BEGIN EXERCISE INPUTS

section \<open>LC typing\<close>

inductive lc_typ :: "'a prog \<Rightarrow> (string \<rightharpoonup> ty) \<Rightarrow> 'a expr \<Rightarrow> ty \<Rightarrow> bool"
  for P :: "'a prog" where
  T_int: "lc_typ P \<Gamma> (ENum n) TInt"
| T_null: "lc_typ P \<Gamma> ENull TVoidPtr"
| T_par: "\<Gamma> x = Some T \<Longrightarrow> lc_typ P \<Gamma> (EPar x) T"
| T_app: "\<lbrakk> fun_of P f = Some (FDef a T0 f ps body);
            length args = length ps; length Ts = length args;
            \<forall>i < length args. lc_typ P \<Gamma> (snd (args ! i)) (Ts ! i)
                             \<and> subty P (Ts ! i) (fst (snd (ps ! i))) \<rbrakk>
          \<Longrightarrow> lc_typ P \<Gamma> (EApp f args) T0"
| T_member: "\<lbrakk> lc_typ P \<Gamma> e0 (TStructPtr s); struct_of P s = Some sd;
               member_of sd m = Some (a, T) \<rbrakk>
          \<Longrightarrow> lc_typ P \<Gamma> (EMem e0 m) T"
| T_assign: "\<lbrakk> lc_typ P \<Gamma> e0 (TStructPtr s); struct_of P s = Some sd;
               member_of sd m = Some (a, T); lc_typ P \<Gamma> e1 T1; subty P T1 T \<rbrakk>
          \<Longrightarrow> lc_typ P \<Gamma> (EAssign e0 m e1) T"
| T_cond: "\<lbrakk> lc_typ P \<Gamma> e0 T0; lc_typ P \<Gamma> e1 T1; lc_typ P \<Gamma> e2 T2; is_max P T1 T2 T3 \<rbrakk>
          \<Longrightarrow> lc_typ P \<Gamma> (ECond e0 e1 e2) T3"
| T_seq: "\<lbrakk> es \<noteq> []; length Ts = length es;
            \<forall>i < length es. lc_typ P \<Gamma> (snd (es ! i)) (Ts ! i) \<rbrakk>
          \<Longrightarrow> lc_typ P \<Gamma> (ESeq es) (last Ts)"
| T_uop: "\<lbrakk> lc_typ P \<Gamma> e0 T0; uop_ty u T0 \<rbrakk> \<Longrightarrow> lc_typ P \<Gamma> (EUop u e0) TInt"
| T_bop: "\<lbrakk> lc_typ P \<Gamma> e1 T1; lc_typ P \<Gamma> e2 T2; is_max P T1 T2 T3; bop_ty b T3 \<rbrakk>
          \<Longrightarrow> lc_typ P \<Gamma> (EBop b e1 e2) TInt"
| T_malloc: "s \<in> struct_names P \<Longrightarrow> lc_typ P \<Gamma> (EMalloc s) (TStructPtr s)"
| T_mfree: "lc_typ P \<Gamma> e0 (TStructPtr s) \<Longrightarrow> lc_typ P \<Gamma> (EMfree e0) TVoidPtr"

definition lc_fun_ok :: "'a prog \<Rightarrow> 'a fdef \<Rightarrow> bool" where
  "lc_fun_ok P fd \<longleftrightarrow>
     (\<exists>T'. lc_typ P (map_of (map (\<lambda>(a, T, x). (x, T)) (fd_params fd))) (fd_body fd) T'
           \<and> subty P T' (fd_ret fd))"

definition lc_prg_ok :: "'a prog \<Rightarrow> bool" where
  "lc_prg_ok P \<longleftrightarrow> sane P \<and> (\<forall>fd \<in> set (prog_funs P). lc_fun_ok P fd)"

section \<open>Propositional formulas over features\<close>

datatype 'f pform = PVar 'f | PNot "'f pform" | PAnd "'f pform" "'f pform"
  | POr "'f pform" "'f pform" | PConst bool

fun peval :: "('f \<Rightarrow> bool) \<Rightarrow> 'f pform \<Rightarrow> bool" where
  "peval v (PVar x) = v x"
| "peval v (PNot p) = (\<not> peval v p)"
| "peval v (PAnd p q) = (peval v p \<and> peval v q)"
| "peval v (POr p q) = (peval v p \<or> peval v q)"
| "peval v (PConst b) = b"

definition entails :: "'f pform \<Rightarrow> 'f pform \<Rightarrow> bool" where
  "entails \<theta> \<psi> \<longleftrightarrow> (\<forall>v. peval v (POr (PNot \<theta>) \<psi>))"

definition pimp :: "'f pform \<Rightarrow> 'f pform \<Rightarrow> 'f pform" where
  "pimp p q = POr (PNot p) q"

definition piff :: "'f pform \<Rightarrow> 'f pform \<Rightarrow> 'f pform" where
  "piff p q = PAnd (pimp p q) (pimp q p)"

definition pors :: "'f pform list \<Rightarrow> 'f pform" where
  "pors ps = foldr POr ps (PConst False)"

section \<open>Colored LC (CLC): family-based typing\<close>

fun at_ty :: "'f pform prog \<Rightarrow> ty \<Rightarrow> 'f pform" where
  "at_ty P (TStructPtr s) = (case struct_of P s of Some sd \<Rightarrow> sd_ann sd | None \<Rightarrow> PConst True)"
| "at_ty P _ = PConst True"

definition ex_ann :: "('f pform \<times> 'f pform expr) list \<Rightarrow> 'f pform" where
  "ex_ann es = pors (map fst es)"

text \<open>neverLast(k, (e1,...,en)) with 0-based index k.\<close>
definition never_last :: "nat \<Rightarrow> ('f pform \<times> 'f pform expr) list \<Rightarrow> 'f pform" where
  "never_last k es = POr (PNot (fst (es ! k))) (pors (map fst (drop (Suc k) es)))"

inductive ft_typ :: "'f pform prog \<Rightarrow> 'f pform \<Rightarrow> (string \<rightharpoonup> ty \<times> 'f pform)
                      \<Rightarrow> 'f pform expr \<Rightarrow> ty \<Rightarrow> bool"
  for P :: "'f pform prog" where
  FT_int: "ft_typ P \<theta> \<Delta> (ENum n) TInt"
| FT_null: "ft_typ P \<theta> \<Delta> ENull TVoidPtr"
| FT_par: "\<lbrakk> \<Delta> x = Some (T, \<psi>); entails \<theta> \<psi> \<rbrakk> \<Longrightarrow> ft_typ P \<theta> \<Delta> (EPar x) T"
| FT_app: "\<lbrakk> fun_of P f = Some (FDef a T0 f ps body); entails \<theta> a;
             length args = length ps; length Ts = length args;
             \<forall>i < length args. ft_typ P \<theta> \<Delta> (snd (args ! i)) (Ts ! i)
                              \<and> subty P (Ts ! i) (fst (snd (ps ! i)))
                              \<and> entails \<theta> (piff (fst (args ! i)) (fst (ps ! i))) \<rbrakk>
          \<Longrightarrow> ft_typ P \<theta> \<Delta> (EApp f args) T0"
| FT_member: "\<lbrakk> ft_typ P \<theta> \<Delta> e0 (TStructPtr s); struct_of P s = Some sd;
                member_of sd m = Some (a, T); entails \<theta> a \<rbrakk>
          \<Longrightarrow> ft_typ P \<theta> \<Delta> (EMem e0 m) T"
| FT_assign: "\<lbrakk> ft_typ P \<theta> \<Delta> e0 (TStructPtr s); struct_of P s = Some sd;
                member_of sd m = Some (a, T); entails \<theta> a;
                ft_typ P \<theta> \<Delta> e1 T1; subty P T1 T \<rbrakk>
          \<Longrightarrow> ft_typ P \<theta> \<Delta> (EAssign e0 m e1) T"
| FT_cond: "\<lbrakk> ft_typ P \<theta> \<Delta> e0 T0; ft_typ P \<theta> \<Delta> e1 T1; ft_typ P \<theta> \<Delta> e2 T2;
              is_max P T1 T2 T3 \<rbrakk>
          \<Longrightarrow> ft_typ P \<theta> \<Delta> (ECond e0 e1 e2) T3"
| FT_seq: "\<lbrakk> es \<noteq> []; entails \<theta> (ex_ann es); length Ts = length es;
             \<forall>i < length es. ft_typ P (PAnd \<theta> (fst (es ! i))) \<Delta> (snd (es ! i)) (Ts ! i);
             \<forall>i < length es. Ts ! i \<noteq> last Ts \<longrightarrow> entails \<theta> (never_last i es) \<rbrakk>
          \<Longrightarrow> ft_typ P \<theta> \<Delta> (ESeq es) (last Ts)"
| FT_uop: "\<lbrakk> ft_typ P \<theta> \<Delta> e0 T0; uop_ty u T0 \<rbrakk> \<Longrightarrow> ft_typ P \<theta> \<Delta> (EUop u e0) TInt"
| FT_bop: "\<lbrakk> ft_typ P \<theta> \<Delta> e1 T1; ft_typ P \<theta> \<Delta> e2 T2; is_max P T1 T2 T3; bop_ty b T3 \<rbrakk>
          \<Longrightarrow> ft_typ P \<theta> \<Delta> (EBop b e1 e2) TInt"
| FT_malloc: "\<lbrakk> s \<in> struct_names P; struct_of P s = Some sd; entails \<theta> (sd_ann sd) \<rbrakk>
          \<Longrightarrow> ft_typ P \<theta> \<Delta> (EMalloc s) (TStructPtr s)"
| FT_mfree: "ft_typ P \<theta> \<Delta> e0 (TStructPtr s) \<Longrightarrow> ft_typ P \<theta> \<Delta> (EMfree e0) TVoidPtr"

definition ft_struct_ok :: "'f pform prog \<Rightarrow> 'f pform \<Rightarrow> 'f pform sdef \<Rightarrow> bool" where
  "ft_struct_ok P \<theta> sd \<longleftrightarrow>
     (\<forall>(a, T, m) \<in> set (sd_members sd). entails \<theta> (pimp a (at_ty P T)))"

definition ft_fun_ok :: "'f pform prog \<Rightarrow> 'f pform \<Rightarrow> 'f pform fdef \<Rightarrow> bool" where
  "ft_fun_ok P \<theta> fd \<longleftrightarrow>
     entails \<theta> (at_ty P (fd_ret fd)) \<and>
     (\<forall>(a, T, x) \<in> set (fd_params fd). entails \<theta> (pimp a (at_ty P T))) \<and>
     (\<exists>T'. ft_typ P \<theta> (map_of (map (\<lambda>(a, T, x). (x, (T, a))) (fd_params fd))) (fd_body fd) T'
           \<and> subty P T' (fd_ret fd))"
definition separated :: "('a \<Rightarrow> 'a \<Rightarrow> real) \<Rightarrow> real \<Rightarrow> 'a set \<Rightarrow> bool" where
  "separated d a S \<longleftrightarrow> (\<forall>x\<in>S. \<forall>y\<in>S. x \<noteq> y \<longrightarrow> a \<le> d x y)"

definition max_separated :: "'a set \<Rightarrow> ('a \<Rightarrow> 'a \<Rightarrow> real) \<Rightarrow> real \<Rightarrow> 'a set \<Rightarrow> bool" where
  "max_separated Z d a S \<longleftrightarrow> S \<subseteq> Z \<and> separated d a S \<and>
     (\<forall>W. S \<subseteq> W \<and> W \<subseteq> Z \<and> separated d a W \<longrightarrow> W = S)"

definition hk0 :: "'a set \<Rightarrow> ('a \<Rightarrow> 'a \<Rightarrow> real) \<Rightarrow> real \<Rightarrow> int" where
  "hk0 Z d r = (GREATEST k::int. sdiam d Z < r powi k)"

text \<open>Vertices are pairs (level k, point v \<in> V k); this realises the disjoint union.\<close>
definition hverts :: "'a set \<Rightarrow> ('a \<Rightarrow> 'a \<Rightarrow> real) \<Rightarrow> real \<Rightarrow> (int \<Rightarrow> 'a set) \<Rightarrow> (int \<times> 'a) set" where
  "hverts Z d r V = {(k, v). hk0 Z d r \<le> k \<and> v \<in> V k}"

definition hball :: "'a set \<Rightarrow> ('a \<Rightarrow> 'a \<Rightarrow> real) \<Rightarrow> real \<Rightarrow> int \<times> 'a \<Rightarrow> 'a set" where
  "hball Z d r p = {z \<in> Z. d z (snd p) < 2 * r powi (fst p)}"

definition hcball :: "'a set \<Rightarrow> ('a \<Rightarrow> 'a \<Rightarrow> real) \<Rightarrow> real \<Rightarrow> int \<times> 'a \<Rightarrow> 'a set" where
  "hcball Z d r p = (Metric_space.mtopology Z d) closure_of (hball Z d r p)"

definition hedge :: "'a set \<Rightarrow> ('a \<Rightarrow> 'a \<Rightarrow> real) \<Rightarrow> real \<Rightarrow> (int \<Rightarrow> 'a set)
    \<Rightarrow> int \<times> 'a \<Rightarrow> int \<times> 'a \<Rightarrow> bool" where
  "hedge Z d r V p q \<longleftrightarrow> p \<in> hverts Z d r V \<and> q \<in> hverts Z d r V \<and>
     ((fst p = fst q \<and> p \<noteq> q \<and> hcball Z d r p \<inter> hcball Z d r q \<noteq> {})
      \<or> (fst q = fst p + 1 \<and> hball Z d r q \<subseteq> hball Z d r p)
      \<or> (fst p = fst q + 1 \<and> hball Z d r p \<subseteq> hball Z d r q))"

definition hdist :: "'a set \<Rightarrow> ('a \<Rightarrow> 'a \<Rightarrow> real) \<Rightarrow> real \<Rightarrow> (int \<Rightarrow> 'a set)
    \<Rightarrow> int \<times> 'a \<Rightarrow> int \<times> 'a \<Rightarrow> nat" where
  "hdist Z d r V = gdist (hedge Z d r V) (hverts Z d r V)"

definition horiz_close :: "('a \<Rightarrow> 'a \<Rightarrow> real) \<Rightarrow> real \<Rightarrow> int \<times> 'a \<Rightarrow> int \<times> 'a \<Rightarrow> bool" where
  "horiz_close d r p q \<longleftrightarrow> p \<noteq> q \<and> 0 \<le> min (fst p) (fst q) \<and>
     d (snd p) (snd q) < r powi (min (fst p) (fst q))"

definition tverts :: "(nat \<Rightarrow> 'c \<Rightarrow> 'a set set) \<Rightarrow> 'c \<Rightarrow> (nat \<times> 'a set) set" where
  "tverts \<U> c = {(j, U). U \<in> \<U> j c}"

definition tanc :: "nat \<times> 'a set \<Rightarrow> nat \<times> 'a set \<Rightarrow> bool" where
  "tanc x y \<longleftrightarrow> fst x < fst y \<and> snd y \<subseteq> snd x"

definition tedge :: "(nat \<Rightarrow> 'c \<Rightarrow> 'a set set) \<Rightarrow> 'c \<Rightarrow> nat \<times> 'a set \<Rightarrow> nat \<times> 'a set \<Rightarrow> bool" where
  "tedge \<U> c x y \<longleftrightarrow> x \<in> tverts \<U> c \<and> y \<in> tverts \<U> c \<and>
     ((tanc x y \<and> (\<forall>z\<in>tverts \<U> c. tanc z y \<longrightarrow> fst z \<le> fst x))
      \<or> (tanc y x \<and> (\<forall>z\<in>tverts \<U> c. tanc z x \<longrightarrow> fst z \<le> fst y)))"
lemma mean_obj_eq_sum_precedence_ratio:
  assumes perm: "\<forall>\<sigma>\<in>S. \<sigma> permutes {1..n}"
  shows "mean_obj n a S = (\<Sum>x\<in>{1..n}. \<Sum>y\<in>{1..n}. a x y * precedence_ratio S x y)"
proof -
  have "finite S"
    using perm by (intro finite_subset[OF _ finite_permutations[of "{1..n}"]]) auto
  have "(\<Sum>\<sigma>\<in>S. lop_obj n a \<sigma>)
      = (\<Sum>\<sigma>\<in>S. \<Sum>x\<in>{1..n}. \<Sum>y\<in>{1..n}. if inv \<sigma> x < inv \<sigma> y then a x y else 0)"
    using perm by (intro sum.cong refl lop_obj_eq_sum_precedes) auto
  also have "\<dots> = (\<Sum>x\<in>{1..n}. \<Sum>y\<in>{1..n}. \<Sum>\<sigma>\<in>S. if inv \<sigma> x < inv \<sigma> y then a x y else 0)"
    by (subst sum.swap, subst (2) sum.swap) (rule refl)
  also have "\<dots> = (\<Sum>x\<in>{1..n}. \<Sum>y\<in>{1..n}. a x y * real (card {\<sigma> \<in> S. inv \<sigma> x < inv \<sigma> y}))"
    by (simp add: sum.inter_filter[OF \<open>finite S\<close>, symmetric] mult.commute)
  finally show ?thesis
    by (simp add: mean_obj_def precedence_ratio_def sum_divide_distrib)
qed

lemma precedence_ratio_eq_of_bool:
  assumes "finite S" "S \<noteq> {}" "\<forall>\<sigma>\<in>S. (inv \<sigma> x < inv \<sigma> y) = b"
  shows "precedence_ratio S x y = of_bool b"
proof -
  have "{\<sigma> \<in> S. inv \<sigma> x < inv \<sigma> y} = (if b then S else {})"
    using assms(3) by auto
  then show ?thesis
    using assms(1,2) by (simp add: precedence_ratio_def)
qed

lemma precedence_ratio_eq_half:
  assumes "finite S" "S \<noteq> {}" "x \<noteq> y" and bij: "\<forall>\<sigma>\<in>S. bij \<sigma>"
    and closed: "\<forall>\<sigma>\<in>S. Transposition.transpose x y \<circ> \<sigma> \<in> S"
  shows "precedence_ratio S x y = 1/2"
proof -
  define \<tau> where "\<tau> = Transposition.transpose x y"
  define A where "A = {\<sigma> \<in> S. inv \<sigma> x < inv \<sigma> y}"
  define B where "B = {\<sigma> \<in> S. inv \<sigma> y < inv \<sigma> x}"
  have inv_swap: "inv (\<tau> \<circ> \<sigma>) x = inv \<sigma> y" "inv (\<tau> \<circ> \<sigma>) y = inv \<sigma> x" if "\<sigma> \<in> S" for \<sigma>
    using that bij by (simp_all add: \<tau>_def o_inv_distrib)
  have "bij_betw ((\<circ>) \<tau>) A B"
    by (rule bij_betw_byWitness[where f' = "(\<circ>) \<tau>"])
       (use bij closed inv_swap in \<open>auto simp: A_def B_def \<tau>_def comp_assoc[symmetric]\<close>)
  then have "card A = card B"
    by (rule bij_betw_same_card)
  have "inv \<sigma> x \<noteq> inv \<sigma> y" if "\<sigma> \<in> S" for \<sigma>
    using bij that \<open>x \<noteq> y\<close> by (metis bij_inv_eq_iff)
  then have "A \<union> B = S" "A \<inter> B = {}"
    by (auto simp: A_def B_def neq_iff)
  then have "card A + card B = card S"
    using \<open>finite S\<close> by (metis card_Un_disjoint finite_Un)
  with \<open>card A = card B\<close> have "2 * card A = card S"
    by simp
  then show ?thesis
    using assms(1,2) by (simp add: precedence_ratio_def A_def[symmetric])
qed

definition unplaced :: "nat \<Rightarrow> (nat \<Rightarrow> nat) \<Rightarrow> nat \<Rightarrow> nat set" where
  "unplaced n i m = {1..n} - i ` {1..m}"

lemma finite_fixed_prefix: "finite (fixed_prefix n i m)"
  by (rule finite_subset[OF _ finite_permutations[of "{1..n}"]]) (auto simp: fixed_prefix_def)

lemma fixed_prefix_nonempty:
  assumes "m \<le> n" "inj_on i {1..m}" "i ` {1..m} \<subseteq> {1..n}"
  shows "fixed_prefix n i m \<noteq> {}"
  using assms
proof (induction m)
  case 0
  have "id \<in> fixed_prefix n i 0"
    by (simp add: fixed_prefix_def permutes_id)
  then show ?case by blast
next
  case (Suc m)
  have "inj_on i {1..m}" "i ` {1..m} \<subseteq> {1..n}"
    using Suc.prems(2,3) by (auto intro: inj_on_subset)
  with Suc obtain \<sigma> where "\<sigma> \<in> fixed_prefix n i m"
    by auto
  then have perm: "\<sigma> permutes {1..n}" and prefix: "\<forall>p\<in>{1..m}. \<sigma> p = i p"
    by (auto simp: fixed_prefix_def)
  define \<sigma>' where "\<sigma>' = Transposition.transpose (\<sigma> (Suc m)) (i (Suc m)) \<circ> \<sigma>"
  have "\<sigma>' permutes {1..n}"
  proof -
    have "i (Suc m) \<in> {1..n}" "\<sigma> (Suc m) \<in> {1..n}"
      using Suc.prems(1,3) permutes_in_image[OF perm] by (auto simp: image_subset_iff)
    then show ?thesis
      unfolding \<sigma>'_def by (intro permutes_compose[OF perm] permutes_swap_id)
  qed
  moreover have "\<sigma>' p = i p" if "p \<in> {1..Suc m}" for p
  proof (cases "p = Suc m")
    case False
    with that have "p \<in> {1..m}" by auto
    moreover have "\<sigma> p \<noteq> \<sigma> (Suc m)"
      using permutes_inj[OF perm] \<open>p \<in> {1..m}\<close> by (auto simp: inj_eq)
    moreover have "i p \<noteq> i (Suc m)"
      using Suc.prems(2) \<open>p \<in> {1..m}\<close> by (auto dest: inj_onD)
    ultimately show ?thesis
      using prefix by (simp add: \<sigma>'_def)
  qed (simp add: \<sigma>'_def)
  ultimately have "\<sigma>' \<in> fixed_prefix n i (Suc m)"
    by (simp add: fixed_prefix_def)
  then show ?case by blast
qed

END EXERCISE INPUTS

Find each line of the data above that holds the word "Transposition", then copy it.

    and closed: "\<forall>\<sigma>\<in>S. Transposition.transpose x y \<circ> \<sigma> \<in> S"
  define \<tau> where "\<tau> = Transposition.transpose x y"
  define \<sigma>' where "\<sigma>' = Transposition.transpose (\<sigma> (Suc m)) (i (Suc m)) \<circ> \<sigma>"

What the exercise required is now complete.